Is chicken skin bad for dogs?

Generally speaking, chicken skin is bad for dogs because it’s a high fat part of the meat with almost zero nutrients in. It’s not going to make them healthy!

It can result in gastrointestinal problems and pancreatic inflammation disorder in dogs who are exposed to regular fatty food in their diet. This is a particular risk in older dogs or ones that have an existing weight issue.

But, a little fat every now and again is probably fine for most dogs, it’s just when it gets to be a regular occurrence that health issues can mount up.

can dogs eat raw chicken skin
Cooked chicken skin is better than raw, but both could make your dog ill.

I would also suggest that chicken skin can present a choking hazard if not cut up into smaller and more digestible pieces. If you do wish to let your dog feed on it, pleased also wipe away any grease or fat and make sure no bones are present.

Also consider the way in which cooked chicken skin is prepared. Often the skin will be seasoned with oils, salts, peppers, and even garlic seasoning. Garlic is toxic to dogs so should be completely avoided.

What happens if a dog eats chicken skin?

Some dogs will be fine, others won’t. You don’t know what reaction you’re going to get until your dog eats the chicken skin, so it’s not worth the risk.

However, in the worst-case scenario, here’s what “could” happen if your dog ate cooked chicken skin and had a bad reaction.

  • Possible vomiting.
  • Possible diarrhoea and watery stools.

In the longer term, it could lead to pancreatitis and weight gain if the skin becomes a regular part of their diet.

Handy Hint: Think twice before letting your dog eat chicken nuggets as the ingredients and calories could lead to an upset stomach. 

What to do if my dog ate chicken skin?

If your dog eats anything that it shouldn’t, you should always consult with your vet first. If they think it’s serious, they will call you in but in most cases will ask you to monitor your dog over a 24-hour period.

It is unlikely that your dog will be seriously ill after consuming chicken skin, but you should always take the right precautions.

If your dog does vomit, vets will often recommend you start to feed them boiled chicken and rice for a few days to settle their stomach back down. Some dog owners recommend homemade chicken noodle soup, but again check with your vet.

Can dogs eat raw chicken skin?

Whilst there is a growing trend in the pet world for raw dog food diets, I don’t believe there’s been enough research yet to say whether raw meat is a safe option.

As for raw chicken skin, you only have to read the news to hear horror stories about how chicken is prepared for human consumption.

Personally, I would not feed my dog raw chicken skin. Many vet websites explain that raw chicken can be contaminated with salmonella or E. coli making it potentially very bad for dogs.

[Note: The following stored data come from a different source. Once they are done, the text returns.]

(* Let $\mathrm{char}(K)=0$ and $k\ge2$ an integer. Then $\frac{d}{dx}\big(\mathrm{Exp}_k(x)\big)=\mathrm{Exp}_k(x)$; equivalently, writing $\mathrm{Exp}_k(x)=\sum_n f_n$ with $f_n$ homogeneous of degree $n$, one has $\frac{d}{dx}f_n=f_{n-1}$ for all $n\ge1$.
   Context: Let $K$ be a field and let $x\neq y$ be two symbols. A finite planar reduced rooted tree is a finite rooted tree in which the children of each vertex are linearly ordered and no vertex has exactly one child; its leaves are the vertices without children. $P(x,y)$ is the set of isomorphism classes of pairs $S=(T,\lambda)$, $T$ a finite planar reduced rooted tree, $\lambda:L(T)\to\{x,y\}$ a labeling of its leaves; $\deg_x(S)=\#\lambda^{-1}(x)$, $\deg(S)=\#L(T)$. $P'(x,y)=P(x,y)\cup\{1_P\}$ with $1_P$ the empty tree (degree $0$). For $m\ge2$, $\bullet_m(S_1,\dots,S_m)$ is the tree with a new root whose ordered children are the roots of $S_1,\dots,S_m$, labelings inherited; on $P'(x,y)$ occurrences of $1_P$ are deleted, with $\bullet_1(S)=S$, $\bullet_0()=1_P$. $K\{\{x,y\}$: all $f=\sum_{S\in P'(x,y)}c_S(f)S$ such that for each $n$ only finitely many $S$ with $\deg_x(S)=n$ have $c_S(f)\ne0$; products $f_1\cdot\ldots\cdot f_m=\bullet_m(f_1,\dots,f_m)$ with $c_S(f_1\cdot\ldots\cdot f_m)=\sum_{\bullet_m(S_1,\dots,S_m)=S}c_{S_1}(f_1)\cdots c_{S_m}(f_m)$; $x$-adic topology from $\mathrm{ord}_x(f)=\min\{\deg_x S:c_S(f)\ne0\}$. $K\{\{x\}\}$: series supported on $1_P$ and trees with all leaves labeled $x$. For $g,h\in K\{\{x,y\}$ with $\mathrm{ord}_x(g)\ge1$, $\varphi_{(g,h)}$ denotes the unique $x$-adically continuous $K$-linear map preserving $1_P$ and all $\bullet_m$ with $x\mapsto g$, $y\mapsto h$. The universal derivation $d:K\{\{x\}\}\to K\{\{x,y\}$ is the continuous $K$-linear map with $d(1_P)=0$ and, for a tree $S=(T,\lambda)$ with all leaves $l_1,\dots,l_m$ labeled $x$, $d(S)=\sum_{i=1}^m(T,\lambda^{(i)})$ with $\lambda^{(i)}$ labeling $l_i$ by $y$ and the other leaves by $x$. The derivative $\frac{d}{dx}:K\{\{x\}\}\to K\{\{x\}\}$ is $\psi\circ d$, where $\psi=\varphi_{(x,1_P)}$ (so $x\mapsto x$, $y\mapsto 1$); concretely, $\frac{d}{dx}S$ for a tree $S$ with $m$ leaves is the sum over its leaves of the tree obtained by deleting that leaf (via $\bullet$ with $1_P$ in that position). For $\mathrm{char}K=0$ and an integer $k\ge2$, the $k$-ary planar exponential series $\mathrm{Exp}_k(x)=\sum_{n\ge0}f_n\in K\{\{x\}\}$ ($f_n$ homogeneous of degree $n$, i.e. supported on trees with $n$ leaves) is the unique series with $f_0=1_P$, $f_1=x$ satisfying $k^nf_n=\sum_{i_1+\dots+i_k=n}f_{i_1}\cdot f_{i_2}\cdot\ldots\cdot f_{i_k}$ ($k$-ary products) for all $n$, i.e. $f(kx)=\bullet_k(f,\dots,f)$. *)

theory Defs
  imports Main
begin

text \<open>Finite planar rooted trees; all leaves carry the label x (we only need K{{x}}).
  A tree is reduced if no vertex has exactly one child (and inner vertices have children).\<close>
datatype ptree = Lf | Nd "ptree list"

fun reduced :: "ptree \<Rightarrow> bool" where
  "reduced Lf = True"
| "reduced (Nd ts) = (2 \<le> length ts \<and> list_all reduced ts)"

fun nleaves :: "ptree \<Rightarrow> nat" where
  "nleaves Lf = 1"
| "nleaves (Nd ts) = sum_list (map nleaves ts)"

text \<open>Elements of P'(x): None is the empty tree 1_P, Some t a tree.\<close>
definition validP :: "ptree option \<Rightarrow> bool" where
  "validP S = (case S of None \<Rightarrow> True | Some t \<Rightarrow> reduced t)"

definition degP :: "ptree option \<Rightarrow> nat" where
  "degP S = (case S of None \<Rightarrow> 0 | Some t \<Rightarrow> nleaves t)"

definition graft :: "ptree option list \<Rightarrow> ptree option" where
  "graft Ss = (let rs = [the S. S \<leftarrow> Ss, S \<noteq> None] in
     if rs = [] then None else if length rs = 1 then Some (hd rs) else Some (Nd rs))"

text \<open>Series: coefficient functions on P'(x).  Since there are only finitely many reduced
  trees with n leaves, any coefficient function supported on reduced trees is in K{{x}}.\<close>
type_synonym 'a series = "ptree option \<Rightarrow> 'a"

definition oneP :: "'a::zero_neq_one series" where
  "oneP = (\<lambda>S. if S = None then 1 else 0)"

definition xP :: "'a::zero_neq_one series" where
  "xP = (\<lambda>S. if S = Some Lf then 1 else 0)"

definition graft_series :: "'a::comm_semiring_1 series list \<Rightarrow> 'a series" where
  "graft_series fs S =
     (\<Sum>Ss\<in>{Ss. length Ss = length fs \<and> graft Ss = S}. \<Prod>i<length fs. (fs!i) (Ss!i))"

text \<open>For a tree, the list (one entry per leaf, left to right) of the elements of P'(x)
  obtained by deleting that leaf (i.e. replacing it by 1_P via bullet).\<close>
function (sequential) del_leaf :: "ptree \<Rightarrow> ptree option list" where
  "del_leaf Lf = [None]"
| "del_leaf (Nd ts) =
     concat (map (\<lambda>(i, t). map (\<lambda>r. graft ((map Some ts)[i := r])) (del_leaf t))
                 (zip [0..<length ts] ts))"
  by pat_completeness auto
lemma size_in_list_le: "b \<in> set ts \<Longrightarrow> size b \<le> size_list size ts"
  by (induction ts) auto

termination
  by (relation "measure size") (auto dest!: set_zip_rightD simp: less_Suc_eq_le size_in_list_le)

text \<open>The derivative d/dx on K{{x}} (continuous linear extension of the tree-wise rule).\<close>
definition ddx :: "'a::comm_semiring_1 series \<Rightarrow> 'a series" where
  "ddx g S' = (\<Sum>t\<in>{t. reduced t \<and> nleaves t = degP S' + 1}.
                 g (Some t) * of_nat (count_list (del_leaf t) S'))"

definition is_planar_Exp :: "nat \<Rightarrow> (nat \<Rightarrow> 'a::field_char_0 series) \<Rightarrow> bool" where
  "is_planar_Exp k f \<longleftrightarrow>
     f 0 = oneP \<and> f 1 = xP \<and>
     (\<forall>n S. f n S \<noteq> 0 \<longrightarrow> validP S \<and> degP S = n) \<and>
     (\<forall>n. (\<lambda>S. of_nat k ^ n * f n S) =
          (\<lambda>S. \<Sum>is\<in>{is. length is = k \<and> sum_list is = n}. graft_series (map f is) S))"

definition planar_Exp_comp :: "nat \<Rightarrow> nat \<Rightarrow> 'a::field_char_0 series" where
  "planar_Exp_comp k = (THE f. is_planar_Exp k f)"

definition planar_Exp :: "nat \<Rightarrow> 'a::field_char_0 series" where
  "planar_Exp k = (\<lambda>S. planar_Exp_comp k (degP S) S)"

end

theory Submission
  imports Defs
begin

(* Deleting a leaf of a grafted tree S_1 ... S_m amounts to deleting a leaf of one S_j and
   regrafting, so d/dx obeys the Leibniz rule for the products f_1 ... f_m.  For the
   components f_n of Exp_k, the k compositions of n concentrated in a single part contribute
   k f_n to the functional equation, which therefore reads (k^n - k) f_n = sum of
   f_{c_1} ... f_{c_k} over the compositions c of n into k parts that are all smaller than n.
   Differentiating and applying induction to the parts lowers one positive part by one; over
   all compositions of n this produces every composition of n - 1 exactly k times, i.e.
   k^n f_{n-1}, and removing the concentrated terms again leaves (k^n - k) f_{n-1}.  As
   k^n <> k for n >= 2, this gives d f_n/dx = f_{n-1}.  Since planar_Exp_comp is defined by a
   definite description, the components are first constructed by well-founded recursion and
   shown to be unique. *)

lemma length_le_sum_list_map:
  "(\<And>x. x \<in> set xs \<Longrightarrow> 1 \<le> f x) \<Longrightarrow> length xs \<le> sum_list (map f xs :: nat list)"
proof (induction xs)
  case (Cons a xs)
  then have "1 \<le> f a" and "length xs \<le> sum_list (map f xs)" by auto
  then show ?case by simp
qed simp

lemma of_nat_count_list_map:
  assumes "finite W" and "set L \<subseteq> W"
  shows "(of_nat (count_list (map h L) y) :: 'c::semiring_1) =
    (\<Sum>x\<in>W. of_nat (count_list L x) * (if h x = y then 1 else 0))"
  using assms(2)
proof (induction L)
  case (Cons a L)
  have point: "(of_nat (count_list (a # L) x) :: 'c) * (if h x = y then 1 else 0) =
      of_nat (count_list L x) * (if h x = y then 1 else 0) + (if x = a then (if h a = y then 1 else 0) else 0)"
    for x
    by (cases "x = a") (simp_all add: distrib_right add.commute)
  have "(\<Sum>x\<in>W. (of_nat (count_list (a # L) x) :: 'c) * (if h x = y then 1 else 0)) =
      (\<Sum>x\<in>W. of_nat (count_list L x) * (if h x = y then 1 else 0)) +
      (\<Sum>x\<in>W. if x = a then (if h a = y then 1 else 0) else 0)"
    by (simp only: point sum.distrib)
  also have "(\<Sum>x\<in>W. if x = a then (if h a = y then 1 else 0) else 0) = (if h a = y then 1 else 0)"
    using Cons.prems assms(1) by (simp add: sum.delta)
  also have "(\<Sum>x\<in>W. of_nat (count_list L x) * (if h x = y then 1 else 0)) =
      (of_nat (count_list (map h L) y) :: 'c)"
    using Cons by simp
  finally show ?case by (simp add: add.commute)
qed simp

lemma sum_lists_update_swap:
  assumes "j < m"
  shows "(\<Sum>(Ss, x)\<in>{Ss. length Ss = m \<and> set Ss \<subseteq> W} \<times> W. H (Ss[j := x]) (Ss ! j)) =
         (\<Sum>(Ss, x)\<in>{Ss. length Ss = m \<and> set Ss \<subseteq> W} \<times> W. H Ss x)"
  by (rule sum.reindex_bij_witness[where i = "\<lambda>(Ss, x). (Ss[j := x], Ss ! j)"
        and j = "\<lambda>(Ss, x). (Ss[j := x], Ss ! j)"])
    (use assms in \<open>auto dest: set_update_subset_insert[THEN subsetD]\<close>)

lemma list_all_update: "list_all P xs \<Longrightarrow> P x \<Longrightarrow> list_all P (xs[j := x])"
  by (auto simp: list_all_iff dest: set_update_subset_insert[THEN subsetD])

section \<open>Grafting and leaf deletion\<close>

lemma graft_eq: "graft Ss = (let rs = map the (filter (\<lambda>S. S \<noteq> None) Ss) in
     if rs = [] then None else if length rs = 1 then Some (hd rs) else Some (Nd rs))"
proof -
  have "[the S. S \<leftarrow> Ss, S \<noteq> None] = map the (filter (\<lambda>S. S \<noteq> None) Ss)"
    by (induction Ss) auto
  then show ?thesis unfolding graft_def by simp
qed

lemma filter_not_None_eq: "filter (\<lambda>S. S \<noteq> None) Ss = map Some (map the (filter (\<lambda>S. S \<noteq> None) Ss))"
  by (induction Ss) auto

lemma graft_filter_not_None [simp]: "graft (filter (\<lambda>S. S \<noteq> None) Ss) = graft Ss"
  unfolding graft_eq by simp

lemma graft_map_Some: "graft (map Some ts) = (case ts of [] \<Rightarrow> None | [t] \<Rightarrow> Some t | _ \<Rightarrow> Some (Nd ts))"
  unfolding graft_eq by (simp add: comp_def split: list.split)

lemma graft_singleton [simp]: "graft [S] = S"
  unfolding graft_eq by (cases S) auto

lemma graft_replicate_None_update: "j < k \<Longrightarrow> graft ((replicate k None)[j := S]) = S"
proof -
  assume "j < k"
  then have "(replicate k None)[j := S] = replicate j None @ S # replicate (k - j - 1) None"
    by (intro nth_equalityI) (auto simp: nth_append nth_list_update)
  then have "filter (\<lambda>S. S \<noteq> None) ((replicate k None)[j := S]) = filter (\<lambda>S. S \<noteq> None) [S]"
    by simp
  then show ?thesis by (metis graft_filter_not_None graft_singleton)
qed

lemma graft_cases:
  obtains ts where "filter (\<lambda>S. S \<noteq> None) Ss = map Some ts"
    and "\<And>t. Some t \<in> set Ss \<longleftrightarrow> t \<in> set ts"
    and "graft Ss = (case ts of [] \<Rightarrow> None | [t] \<Rightarrow> Some t | _ \<Rightarrow> Some (Nd ts))"
proof -
  define ts where "ts = map the (filter (\<lambda>S. S \<noteq> None) Ss)"
  have ts: "filter (\<lambda>S. S \<noteq> None) Ss = map Some ts"
    unfolding ts_def by (rule filter_not_None_eq)
  have "Some t \<in> set Ss \<longleftrightarrow> t \<in> set ts" for t
  proof -
    have "Some t \<in> set Ss \<longleftrightarrow> Some t \<in> set (filter (\<lambda>S. S \<noteq> None) Ss)" by simp
    then show ?thesis unfolding ts by auto
  qed
  moreover have "graft Ss = (case ts of [] \<Rightarrow> None | [t] \<Rightarrow> Some t | _ \<Rightarrow> Some (Nd ts))"
    by (metis ts graft_filter_not_None graft_map_Some)
  ultimately show thesis using ts that by blast
qed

Is fried chicken skin bad for dogs?

And then we go to the completely opposite end of the spectrum with chicken skin that has been fried and cooked to the max.

I’ve already established that chicken skin is bad for dogs, and even more so if it’s been fried or battered. Fried food is terrible for dog’s stomachs, not to mention their overall health.

Consider it this way; fried food is bad for humans, so think how it could affect the smaller intestines and body of your little pup.

The calories in chicken skin

 The bottom line is this; chicken skin is bad for dogs and can make them ill. But then there’s the calorie consideration as well…

Chicken meat with no seasoning and cooked plain is a great protein for a doggy diet. For example, one chicken breast with the skin removed is just 284 calories with 80% protein and 20% fat.

As soon as you add the skin, the calories and fats shoot up to unhealthy levels. If you were to cook that one chicken breast and kept the skin on it will add a massive 100 calories to the meal.

I decided to crunch some numbers to see how cooked, fried, or raw chicken skin impacts a dog’s recommended daily calorie intake.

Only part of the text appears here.